>>>>>

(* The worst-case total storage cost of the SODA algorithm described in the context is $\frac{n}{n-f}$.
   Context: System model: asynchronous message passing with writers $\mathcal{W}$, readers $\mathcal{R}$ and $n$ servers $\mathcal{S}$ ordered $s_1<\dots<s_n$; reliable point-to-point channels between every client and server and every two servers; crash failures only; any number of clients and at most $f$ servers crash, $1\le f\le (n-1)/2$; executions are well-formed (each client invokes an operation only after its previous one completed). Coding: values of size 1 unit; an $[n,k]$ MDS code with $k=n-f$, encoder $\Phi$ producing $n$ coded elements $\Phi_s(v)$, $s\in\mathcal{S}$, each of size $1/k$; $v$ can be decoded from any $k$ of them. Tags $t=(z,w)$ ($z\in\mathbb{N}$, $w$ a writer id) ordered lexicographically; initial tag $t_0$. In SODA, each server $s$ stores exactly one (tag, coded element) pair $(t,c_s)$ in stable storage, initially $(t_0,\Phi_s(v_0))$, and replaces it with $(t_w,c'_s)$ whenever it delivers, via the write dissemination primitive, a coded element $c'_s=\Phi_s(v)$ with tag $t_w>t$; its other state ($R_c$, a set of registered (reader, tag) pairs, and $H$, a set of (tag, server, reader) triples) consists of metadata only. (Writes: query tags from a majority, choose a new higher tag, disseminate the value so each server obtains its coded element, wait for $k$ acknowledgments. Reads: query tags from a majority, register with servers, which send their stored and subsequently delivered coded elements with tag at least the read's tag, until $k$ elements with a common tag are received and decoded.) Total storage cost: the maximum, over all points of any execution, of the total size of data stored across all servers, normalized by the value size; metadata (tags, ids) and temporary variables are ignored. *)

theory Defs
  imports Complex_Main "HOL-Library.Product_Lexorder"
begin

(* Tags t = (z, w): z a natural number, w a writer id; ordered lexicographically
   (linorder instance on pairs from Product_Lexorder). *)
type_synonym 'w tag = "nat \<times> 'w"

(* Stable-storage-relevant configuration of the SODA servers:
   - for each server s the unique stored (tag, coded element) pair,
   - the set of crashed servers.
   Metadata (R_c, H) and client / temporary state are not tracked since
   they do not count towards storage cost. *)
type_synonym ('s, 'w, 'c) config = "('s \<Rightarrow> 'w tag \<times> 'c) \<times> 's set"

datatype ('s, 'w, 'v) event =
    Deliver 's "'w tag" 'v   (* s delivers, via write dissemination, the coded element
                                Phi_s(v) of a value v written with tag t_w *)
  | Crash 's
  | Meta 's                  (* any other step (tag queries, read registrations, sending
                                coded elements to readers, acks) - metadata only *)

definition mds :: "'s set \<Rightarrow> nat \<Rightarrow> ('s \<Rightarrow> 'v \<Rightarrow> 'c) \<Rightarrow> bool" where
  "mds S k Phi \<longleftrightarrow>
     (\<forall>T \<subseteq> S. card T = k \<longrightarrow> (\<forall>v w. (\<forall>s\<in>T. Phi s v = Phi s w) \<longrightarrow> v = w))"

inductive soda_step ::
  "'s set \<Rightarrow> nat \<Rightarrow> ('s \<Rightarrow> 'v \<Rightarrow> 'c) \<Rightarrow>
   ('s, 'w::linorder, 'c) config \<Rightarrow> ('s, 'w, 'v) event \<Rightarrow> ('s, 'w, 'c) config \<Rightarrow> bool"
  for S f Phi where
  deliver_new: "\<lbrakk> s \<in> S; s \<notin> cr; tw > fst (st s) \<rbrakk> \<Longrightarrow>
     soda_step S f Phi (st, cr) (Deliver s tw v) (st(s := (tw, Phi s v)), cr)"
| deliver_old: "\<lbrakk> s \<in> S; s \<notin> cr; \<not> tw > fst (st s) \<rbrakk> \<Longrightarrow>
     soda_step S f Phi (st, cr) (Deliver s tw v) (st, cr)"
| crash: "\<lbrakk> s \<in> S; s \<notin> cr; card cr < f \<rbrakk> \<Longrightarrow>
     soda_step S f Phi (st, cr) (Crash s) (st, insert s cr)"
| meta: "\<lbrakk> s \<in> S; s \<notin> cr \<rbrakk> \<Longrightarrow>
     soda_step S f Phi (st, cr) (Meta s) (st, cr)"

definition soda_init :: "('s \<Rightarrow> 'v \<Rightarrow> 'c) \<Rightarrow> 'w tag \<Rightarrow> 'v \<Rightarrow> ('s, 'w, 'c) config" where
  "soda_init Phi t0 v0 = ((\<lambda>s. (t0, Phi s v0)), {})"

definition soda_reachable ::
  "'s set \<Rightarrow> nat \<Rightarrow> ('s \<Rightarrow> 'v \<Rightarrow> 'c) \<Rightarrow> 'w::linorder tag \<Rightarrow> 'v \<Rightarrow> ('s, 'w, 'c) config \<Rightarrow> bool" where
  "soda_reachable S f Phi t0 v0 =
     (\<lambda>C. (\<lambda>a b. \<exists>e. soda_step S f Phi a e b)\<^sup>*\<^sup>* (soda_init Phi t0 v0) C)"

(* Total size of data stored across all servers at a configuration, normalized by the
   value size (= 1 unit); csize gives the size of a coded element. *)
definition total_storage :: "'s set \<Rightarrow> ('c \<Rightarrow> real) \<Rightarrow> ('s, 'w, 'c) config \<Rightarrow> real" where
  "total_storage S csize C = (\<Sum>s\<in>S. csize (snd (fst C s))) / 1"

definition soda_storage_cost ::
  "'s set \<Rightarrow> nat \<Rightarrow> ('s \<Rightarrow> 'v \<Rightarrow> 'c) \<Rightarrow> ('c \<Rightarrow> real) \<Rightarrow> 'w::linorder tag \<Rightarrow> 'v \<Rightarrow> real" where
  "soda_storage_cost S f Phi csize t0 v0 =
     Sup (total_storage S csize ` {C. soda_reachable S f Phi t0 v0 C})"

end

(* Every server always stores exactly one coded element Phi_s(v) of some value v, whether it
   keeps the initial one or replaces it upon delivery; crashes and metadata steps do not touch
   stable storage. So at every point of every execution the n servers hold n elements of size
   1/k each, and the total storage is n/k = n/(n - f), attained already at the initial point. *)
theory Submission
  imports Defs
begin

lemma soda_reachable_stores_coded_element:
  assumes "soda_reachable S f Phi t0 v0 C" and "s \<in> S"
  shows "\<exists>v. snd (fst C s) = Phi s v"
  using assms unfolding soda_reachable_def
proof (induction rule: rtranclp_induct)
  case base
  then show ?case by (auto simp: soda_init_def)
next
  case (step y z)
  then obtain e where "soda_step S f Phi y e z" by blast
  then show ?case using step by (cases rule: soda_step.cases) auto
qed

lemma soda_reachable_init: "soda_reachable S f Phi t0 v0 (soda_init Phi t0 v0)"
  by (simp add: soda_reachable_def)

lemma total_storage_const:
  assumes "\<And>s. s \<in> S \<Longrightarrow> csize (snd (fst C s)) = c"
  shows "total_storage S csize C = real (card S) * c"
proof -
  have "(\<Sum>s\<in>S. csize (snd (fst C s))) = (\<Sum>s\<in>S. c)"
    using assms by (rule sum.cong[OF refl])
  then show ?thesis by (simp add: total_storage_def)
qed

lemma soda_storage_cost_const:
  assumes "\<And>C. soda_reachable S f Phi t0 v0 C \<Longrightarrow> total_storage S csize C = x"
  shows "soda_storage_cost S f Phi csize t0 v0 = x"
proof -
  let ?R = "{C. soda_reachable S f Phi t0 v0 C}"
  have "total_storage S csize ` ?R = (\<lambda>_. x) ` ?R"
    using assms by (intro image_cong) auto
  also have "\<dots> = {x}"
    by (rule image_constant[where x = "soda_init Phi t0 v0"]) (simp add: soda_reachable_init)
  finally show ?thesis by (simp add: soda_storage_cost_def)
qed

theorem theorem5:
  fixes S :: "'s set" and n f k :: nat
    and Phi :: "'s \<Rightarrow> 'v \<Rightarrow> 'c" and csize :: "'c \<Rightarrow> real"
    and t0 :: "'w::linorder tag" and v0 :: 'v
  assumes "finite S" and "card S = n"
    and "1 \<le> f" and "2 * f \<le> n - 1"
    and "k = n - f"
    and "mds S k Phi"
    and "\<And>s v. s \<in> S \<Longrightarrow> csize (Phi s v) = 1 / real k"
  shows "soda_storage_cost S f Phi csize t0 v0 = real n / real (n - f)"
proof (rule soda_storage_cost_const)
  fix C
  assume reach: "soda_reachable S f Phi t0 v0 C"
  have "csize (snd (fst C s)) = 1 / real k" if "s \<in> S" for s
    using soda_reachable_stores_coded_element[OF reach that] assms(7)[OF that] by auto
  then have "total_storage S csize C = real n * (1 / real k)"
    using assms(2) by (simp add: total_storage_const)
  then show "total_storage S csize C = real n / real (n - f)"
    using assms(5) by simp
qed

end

<<<<<
>>>>>

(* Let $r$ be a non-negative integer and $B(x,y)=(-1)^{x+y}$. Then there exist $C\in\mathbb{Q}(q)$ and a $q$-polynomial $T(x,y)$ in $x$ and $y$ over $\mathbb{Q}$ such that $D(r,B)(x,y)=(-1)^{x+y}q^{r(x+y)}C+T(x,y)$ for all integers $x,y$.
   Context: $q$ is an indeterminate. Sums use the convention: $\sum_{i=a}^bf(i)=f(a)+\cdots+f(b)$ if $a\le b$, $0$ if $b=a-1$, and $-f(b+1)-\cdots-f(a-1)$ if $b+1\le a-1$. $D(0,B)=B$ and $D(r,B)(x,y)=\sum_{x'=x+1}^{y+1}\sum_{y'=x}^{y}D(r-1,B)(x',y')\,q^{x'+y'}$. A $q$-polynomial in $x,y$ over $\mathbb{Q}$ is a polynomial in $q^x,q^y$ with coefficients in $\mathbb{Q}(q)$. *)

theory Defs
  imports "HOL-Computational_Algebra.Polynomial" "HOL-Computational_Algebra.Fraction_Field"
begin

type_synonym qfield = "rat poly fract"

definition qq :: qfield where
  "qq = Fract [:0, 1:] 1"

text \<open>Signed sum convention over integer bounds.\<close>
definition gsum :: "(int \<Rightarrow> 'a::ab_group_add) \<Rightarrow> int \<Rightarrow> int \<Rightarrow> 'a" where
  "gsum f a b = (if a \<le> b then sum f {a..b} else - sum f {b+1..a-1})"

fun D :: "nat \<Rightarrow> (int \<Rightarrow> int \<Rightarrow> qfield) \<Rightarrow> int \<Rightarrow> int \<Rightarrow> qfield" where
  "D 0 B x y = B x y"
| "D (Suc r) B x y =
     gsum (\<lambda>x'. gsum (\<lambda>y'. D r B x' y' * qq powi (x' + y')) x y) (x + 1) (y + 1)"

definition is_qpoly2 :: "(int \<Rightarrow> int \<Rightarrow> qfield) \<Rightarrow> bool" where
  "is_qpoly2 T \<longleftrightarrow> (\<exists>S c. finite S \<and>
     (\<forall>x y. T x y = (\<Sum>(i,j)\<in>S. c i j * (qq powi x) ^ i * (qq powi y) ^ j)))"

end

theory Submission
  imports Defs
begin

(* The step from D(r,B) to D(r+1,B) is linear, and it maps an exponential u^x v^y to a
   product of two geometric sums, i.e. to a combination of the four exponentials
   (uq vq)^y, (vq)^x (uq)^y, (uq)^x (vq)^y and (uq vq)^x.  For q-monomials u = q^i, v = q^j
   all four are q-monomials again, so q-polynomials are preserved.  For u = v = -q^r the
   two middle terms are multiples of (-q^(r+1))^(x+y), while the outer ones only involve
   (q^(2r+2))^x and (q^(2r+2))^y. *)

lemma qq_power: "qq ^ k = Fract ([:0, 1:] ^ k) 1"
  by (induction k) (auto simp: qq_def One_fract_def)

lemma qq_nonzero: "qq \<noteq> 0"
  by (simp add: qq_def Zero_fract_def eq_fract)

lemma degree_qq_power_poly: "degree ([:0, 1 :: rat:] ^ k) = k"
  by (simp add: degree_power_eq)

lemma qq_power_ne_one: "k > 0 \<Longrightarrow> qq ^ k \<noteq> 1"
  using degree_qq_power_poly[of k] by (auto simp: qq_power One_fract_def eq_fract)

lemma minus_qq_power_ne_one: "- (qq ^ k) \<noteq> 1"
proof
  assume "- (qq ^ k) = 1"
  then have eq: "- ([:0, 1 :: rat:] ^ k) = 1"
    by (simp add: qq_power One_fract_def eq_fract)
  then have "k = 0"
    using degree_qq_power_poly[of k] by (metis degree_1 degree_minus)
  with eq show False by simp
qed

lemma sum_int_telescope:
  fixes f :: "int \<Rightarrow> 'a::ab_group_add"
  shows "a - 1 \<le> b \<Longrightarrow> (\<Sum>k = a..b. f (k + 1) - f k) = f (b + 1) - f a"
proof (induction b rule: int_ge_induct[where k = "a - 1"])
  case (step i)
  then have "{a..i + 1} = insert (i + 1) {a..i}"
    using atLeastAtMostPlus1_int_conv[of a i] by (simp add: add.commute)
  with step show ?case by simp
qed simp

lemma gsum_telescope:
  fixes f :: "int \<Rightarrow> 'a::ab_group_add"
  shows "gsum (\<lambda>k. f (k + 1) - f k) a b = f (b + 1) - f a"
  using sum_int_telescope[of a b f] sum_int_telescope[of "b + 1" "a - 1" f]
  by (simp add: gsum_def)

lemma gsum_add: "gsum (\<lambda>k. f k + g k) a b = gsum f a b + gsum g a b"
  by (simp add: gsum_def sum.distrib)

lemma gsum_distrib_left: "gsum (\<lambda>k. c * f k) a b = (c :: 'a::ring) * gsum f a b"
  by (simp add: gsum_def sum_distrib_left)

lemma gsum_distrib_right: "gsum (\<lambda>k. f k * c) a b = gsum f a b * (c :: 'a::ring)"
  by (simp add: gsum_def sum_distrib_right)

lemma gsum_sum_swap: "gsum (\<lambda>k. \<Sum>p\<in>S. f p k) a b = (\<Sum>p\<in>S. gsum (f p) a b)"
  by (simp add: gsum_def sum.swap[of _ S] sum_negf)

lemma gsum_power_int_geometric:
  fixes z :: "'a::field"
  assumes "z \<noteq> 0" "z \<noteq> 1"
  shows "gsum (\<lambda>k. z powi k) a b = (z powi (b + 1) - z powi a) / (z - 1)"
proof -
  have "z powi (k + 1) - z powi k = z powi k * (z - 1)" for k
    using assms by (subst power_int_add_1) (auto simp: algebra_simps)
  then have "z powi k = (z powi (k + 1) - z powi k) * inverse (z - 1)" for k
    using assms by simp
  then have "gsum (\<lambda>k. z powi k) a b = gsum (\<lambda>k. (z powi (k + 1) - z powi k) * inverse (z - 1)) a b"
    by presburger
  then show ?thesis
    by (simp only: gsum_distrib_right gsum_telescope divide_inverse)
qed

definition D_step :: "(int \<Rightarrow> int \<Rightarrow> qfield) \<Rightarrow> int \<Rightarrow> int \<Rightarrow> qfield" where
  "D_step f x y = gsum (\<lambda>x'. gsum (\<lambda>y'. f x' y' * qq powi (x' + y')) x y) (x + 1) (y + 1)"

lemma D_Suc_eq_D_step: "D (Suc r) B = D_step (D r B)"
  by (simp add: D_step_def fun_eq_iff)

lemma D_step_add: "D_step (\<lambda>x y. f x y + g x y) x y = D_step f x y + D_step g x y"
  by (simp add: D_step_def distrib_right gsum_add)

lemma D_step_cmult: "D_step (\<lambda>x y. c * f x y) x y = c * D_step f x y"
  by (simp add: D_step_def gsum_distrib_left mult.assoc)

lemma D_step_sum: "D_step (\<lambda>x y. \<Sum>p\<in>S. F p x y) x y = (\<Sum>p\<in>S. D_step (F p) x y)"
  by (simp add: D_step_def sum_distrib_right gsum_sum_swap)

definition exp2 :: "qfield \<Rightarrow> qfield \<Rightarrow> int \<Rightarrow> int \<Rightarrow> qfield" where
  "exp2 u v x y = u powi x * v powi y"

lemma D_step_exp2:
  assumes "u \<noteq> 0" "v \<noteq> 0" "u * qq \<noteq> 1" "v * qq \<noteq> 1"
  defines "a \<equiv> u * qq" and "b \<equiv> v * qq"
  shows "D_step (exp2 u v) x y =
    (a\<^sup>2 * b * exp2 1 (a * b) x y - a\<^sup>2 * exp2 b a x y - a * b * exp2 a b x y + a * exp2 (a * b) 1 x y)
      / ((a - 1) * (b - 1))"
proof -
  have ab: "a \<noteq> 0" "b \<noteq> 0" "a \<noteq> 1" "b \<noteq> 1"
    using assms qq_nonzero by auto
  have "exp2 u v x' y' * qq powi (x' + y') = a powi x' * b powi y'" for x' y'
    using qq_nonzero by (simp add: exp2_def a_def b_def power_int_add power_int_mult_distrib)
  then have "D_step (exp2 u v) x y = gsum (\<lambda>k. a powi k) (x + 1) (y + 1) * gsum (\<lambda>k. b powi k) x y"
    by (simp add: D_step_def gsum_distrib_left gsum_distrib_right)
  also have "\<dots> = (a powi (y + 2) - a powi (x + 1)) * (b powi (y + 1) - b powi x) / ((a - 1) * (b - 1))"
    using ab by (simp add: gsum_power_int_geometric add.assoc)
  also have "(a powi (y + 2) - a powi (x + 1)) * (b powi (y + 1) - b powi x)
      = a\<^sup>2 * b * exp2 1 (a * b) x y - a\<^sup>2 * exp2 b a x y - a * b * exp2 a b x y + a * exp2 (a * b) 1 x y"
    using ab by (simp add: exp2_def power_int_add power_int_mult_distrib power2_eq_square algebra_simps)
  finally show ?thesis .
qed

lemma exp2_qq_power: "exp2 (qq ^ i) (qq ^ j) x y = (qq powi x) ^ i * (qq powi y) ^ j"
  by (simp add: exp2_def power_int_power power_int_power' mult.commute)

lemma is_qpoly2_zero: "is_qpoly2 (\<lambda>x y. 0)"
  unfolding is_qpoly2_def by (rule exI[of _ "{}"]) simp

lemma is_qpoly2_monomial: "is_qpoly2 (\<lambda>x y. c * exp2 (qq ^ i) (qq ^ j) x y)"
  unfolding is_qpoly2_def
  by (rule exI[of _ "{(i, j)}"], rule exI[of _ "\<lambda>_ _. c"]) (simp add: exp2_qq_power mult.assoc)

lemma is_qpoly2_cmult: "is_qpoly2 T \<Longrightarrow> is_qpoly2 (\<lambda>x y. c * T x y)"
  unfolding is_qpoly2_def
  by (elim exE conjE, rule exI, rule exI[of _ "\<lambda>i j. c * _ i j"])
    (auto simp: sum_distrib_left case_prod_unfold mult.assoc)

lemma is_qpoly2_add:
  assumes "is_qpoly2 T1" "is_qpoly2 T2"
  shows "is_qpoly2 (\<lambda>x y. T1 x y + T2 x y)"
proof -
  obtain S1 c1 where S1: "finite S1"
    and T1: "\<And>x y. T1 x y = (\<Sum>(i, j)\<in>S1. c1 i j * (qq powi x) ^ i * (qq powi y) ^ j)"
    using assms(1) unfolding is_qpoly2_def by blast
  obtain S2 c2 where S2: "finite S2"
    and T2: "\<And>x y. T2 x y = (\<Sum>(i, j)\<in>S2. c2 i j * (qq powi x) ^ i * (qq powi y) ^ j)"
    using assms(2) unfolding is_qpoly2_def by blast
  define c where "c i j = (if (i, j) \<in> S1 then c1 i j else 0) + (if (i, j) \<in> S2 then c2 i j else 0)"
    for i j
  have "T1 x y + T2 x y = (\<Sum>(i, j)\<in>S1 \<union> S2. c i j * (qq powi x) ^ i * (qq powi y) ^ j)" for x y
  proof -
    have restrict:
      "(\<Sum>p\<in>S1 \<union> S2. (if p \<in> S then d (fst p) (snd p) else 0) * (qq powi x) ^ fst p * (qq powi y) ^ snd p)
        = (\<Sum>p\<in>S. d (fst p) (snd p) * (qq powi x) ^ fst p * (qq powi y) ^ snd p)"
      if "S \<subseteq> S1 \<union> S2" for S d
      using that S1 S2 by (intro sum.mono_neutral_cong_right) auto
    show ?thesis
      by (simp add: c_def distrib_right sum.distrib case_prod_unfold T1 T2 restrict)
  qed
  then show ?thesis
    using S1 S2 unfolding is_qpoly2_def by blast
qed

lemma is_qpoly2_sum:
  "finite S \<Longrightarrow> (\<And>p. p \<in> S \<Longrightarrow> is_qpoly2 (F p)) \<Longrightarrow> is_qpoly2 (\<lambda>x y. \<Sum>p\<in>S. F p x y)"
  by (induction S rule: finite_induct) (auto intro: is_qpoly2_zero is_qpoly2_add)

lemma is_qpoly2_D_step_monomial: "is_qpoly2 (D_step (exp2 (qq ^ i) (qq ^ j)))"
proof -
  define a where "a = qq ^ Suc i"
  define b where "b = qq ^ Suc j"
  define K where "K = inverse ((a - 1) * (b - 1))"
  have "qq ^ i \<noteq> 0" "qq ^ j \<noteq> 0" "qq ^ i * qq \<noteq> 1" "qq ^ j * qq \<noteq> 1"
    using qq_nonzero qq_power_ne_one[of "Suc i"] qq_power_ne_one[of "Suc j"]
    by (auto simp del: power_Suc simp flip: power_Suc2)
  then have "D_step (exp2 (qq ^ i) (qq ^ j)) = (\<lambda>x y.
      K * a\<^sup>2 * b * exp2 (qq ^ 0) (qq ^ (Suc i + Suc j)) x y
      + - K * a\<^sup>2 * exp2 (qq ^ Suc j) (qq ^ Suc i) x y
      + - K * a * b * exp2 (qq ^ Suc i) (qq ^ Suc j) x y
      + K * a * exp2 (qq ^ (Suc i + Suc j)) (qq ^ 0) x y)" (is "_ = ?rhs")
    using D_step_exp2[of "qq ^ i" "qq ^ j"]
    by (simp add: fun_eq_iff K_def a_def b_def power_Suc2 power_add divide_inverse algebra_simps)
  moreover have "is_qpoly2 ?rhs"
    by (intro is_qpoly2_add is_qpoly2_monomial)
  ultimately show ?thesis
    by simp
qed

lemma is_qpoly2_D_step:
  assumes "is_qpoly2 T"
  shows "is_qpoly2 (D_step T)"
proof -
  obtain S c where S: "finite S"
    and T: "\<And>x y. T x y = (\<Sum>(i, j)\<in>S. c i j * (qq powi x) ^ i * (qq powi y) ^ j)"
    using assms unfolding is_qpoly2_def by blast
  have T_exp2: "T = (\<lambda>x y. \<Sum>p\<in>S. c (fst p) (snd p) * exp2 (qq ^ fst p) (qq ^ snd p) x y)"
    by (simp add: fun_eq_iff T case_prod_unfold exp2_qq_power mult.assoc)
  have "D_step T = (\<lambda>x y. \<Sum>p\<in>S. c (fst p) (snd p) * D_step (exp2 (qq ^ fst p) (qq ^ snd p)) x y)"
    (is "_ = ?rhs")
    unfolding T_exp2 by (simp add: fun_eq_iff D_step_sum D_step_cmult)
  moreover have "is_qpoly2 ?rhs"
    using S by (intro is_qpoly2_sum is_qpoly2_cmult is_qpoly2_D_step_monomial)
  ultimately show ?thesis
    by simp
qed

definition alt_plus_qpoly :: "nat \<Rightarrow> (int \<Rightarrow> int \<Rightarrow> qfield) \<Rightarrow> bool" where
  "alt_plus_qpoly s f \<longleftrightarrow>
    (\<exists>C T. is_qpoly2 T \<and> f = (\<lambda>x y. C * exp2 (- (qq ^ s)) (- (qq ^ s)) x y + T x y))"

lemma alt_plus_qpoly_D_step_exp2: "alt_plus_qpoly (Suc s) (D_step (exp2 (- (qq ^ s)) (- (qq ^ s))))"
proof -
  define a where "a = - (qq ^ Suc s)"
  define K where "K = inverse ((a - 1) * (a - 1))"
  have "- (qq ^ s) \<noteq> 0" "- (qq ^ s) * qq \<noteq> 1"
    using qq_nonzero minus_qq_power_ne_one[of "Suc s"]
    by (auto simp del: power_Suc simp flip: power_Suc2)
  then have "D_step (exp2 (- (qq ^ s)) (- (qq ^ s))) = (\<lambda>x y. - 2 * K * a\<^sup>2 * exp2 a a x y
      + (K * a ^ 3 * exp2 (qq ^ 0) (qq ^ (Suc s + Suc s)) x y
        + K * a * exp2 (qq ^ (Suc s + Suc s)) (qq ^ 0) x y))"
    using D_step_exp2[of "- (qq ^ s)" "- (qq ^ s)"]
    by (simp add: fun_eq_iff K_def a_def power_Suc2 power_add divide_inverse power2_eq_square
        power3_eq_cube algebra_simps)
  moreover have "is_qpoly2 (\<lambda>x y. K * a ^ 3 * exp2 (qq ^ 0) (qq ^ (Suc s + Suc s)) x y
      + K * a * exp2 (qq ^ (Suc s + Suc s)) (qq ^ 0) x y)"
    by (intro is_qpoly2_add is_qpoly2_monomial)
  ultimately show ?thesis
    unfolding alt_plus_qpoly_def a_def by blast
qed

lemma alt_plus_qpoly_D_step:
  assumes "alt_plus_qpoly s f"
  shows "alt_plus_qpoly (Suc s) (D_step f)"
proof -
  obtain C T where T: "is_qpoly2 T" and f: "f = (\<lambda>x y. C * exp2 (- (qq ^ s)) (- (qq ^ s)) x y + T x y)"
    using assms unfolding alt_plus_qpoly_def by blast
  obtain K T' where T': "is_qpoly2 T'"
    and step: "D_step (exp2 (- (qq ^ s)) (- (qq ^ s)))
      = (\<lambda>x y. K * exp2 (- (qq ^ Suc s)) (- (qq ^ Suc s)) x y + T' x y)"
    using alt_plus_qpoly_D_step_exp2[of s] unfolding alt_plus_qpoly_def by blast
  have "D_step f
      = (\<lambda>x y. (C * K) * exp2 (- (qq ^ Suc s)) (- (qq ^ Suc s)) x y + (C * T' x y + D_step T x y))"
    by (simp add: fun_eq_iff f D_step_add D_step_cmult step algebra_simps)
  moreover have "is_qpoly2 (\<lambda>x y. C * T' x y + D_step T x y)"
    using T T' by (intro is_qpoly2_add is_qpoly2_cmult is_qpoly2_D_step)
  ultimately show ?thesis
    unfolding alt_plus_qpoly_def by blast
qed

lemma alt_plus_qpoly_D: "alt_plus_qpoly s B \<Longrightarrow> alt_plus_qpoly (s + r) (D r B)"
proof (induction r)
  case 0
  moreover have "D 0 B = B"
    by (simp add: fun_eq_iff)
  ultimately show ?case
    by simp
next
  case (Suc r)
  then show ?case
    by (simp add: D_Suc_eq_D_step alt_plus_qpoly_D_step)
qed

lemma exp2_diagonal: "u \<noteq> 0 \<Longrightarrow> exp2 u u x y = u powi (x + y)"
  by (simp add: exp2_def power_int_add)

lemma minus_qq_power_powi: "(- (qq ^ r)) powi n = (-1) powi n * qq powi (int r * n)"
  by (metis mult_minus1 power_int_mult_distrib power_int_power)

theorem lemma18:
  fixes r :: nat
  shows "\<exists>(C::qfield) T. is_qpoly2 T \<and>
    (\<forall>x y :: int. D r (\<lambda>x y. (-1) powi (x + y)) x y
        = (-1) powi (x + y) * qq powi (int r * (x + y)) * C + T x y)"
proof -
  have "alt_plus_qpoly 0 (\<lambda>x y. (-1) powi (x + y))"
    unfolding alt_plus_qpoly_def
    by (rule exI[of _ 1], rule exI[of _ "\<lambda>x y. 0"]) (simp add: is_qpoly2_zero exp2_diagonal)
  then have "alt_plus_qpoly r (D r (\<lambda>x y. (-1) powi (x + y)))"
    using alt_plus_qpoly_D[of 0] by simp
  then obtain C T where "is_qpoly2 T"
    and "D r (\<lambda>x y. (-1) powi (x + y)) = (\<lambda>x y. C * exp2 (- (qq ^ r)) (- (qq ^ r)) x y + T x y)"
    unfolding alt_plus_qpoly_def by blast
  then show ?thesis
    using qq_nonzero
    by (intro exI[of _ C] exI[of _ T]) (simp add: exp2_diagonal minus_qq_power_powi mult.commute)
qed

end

<<<<<

[About this exercise]:
Working through the records, find each line containing the word "imports" and copy it.

[Answer space]:
  imports Complex_Main "HOL-Library.Product_Lexorder"
  imports Defs
  imports "HOL-Computational_Algebra.Polynomial" "HOL-Computational_Algebra.Fraction_Field"
  imports Defs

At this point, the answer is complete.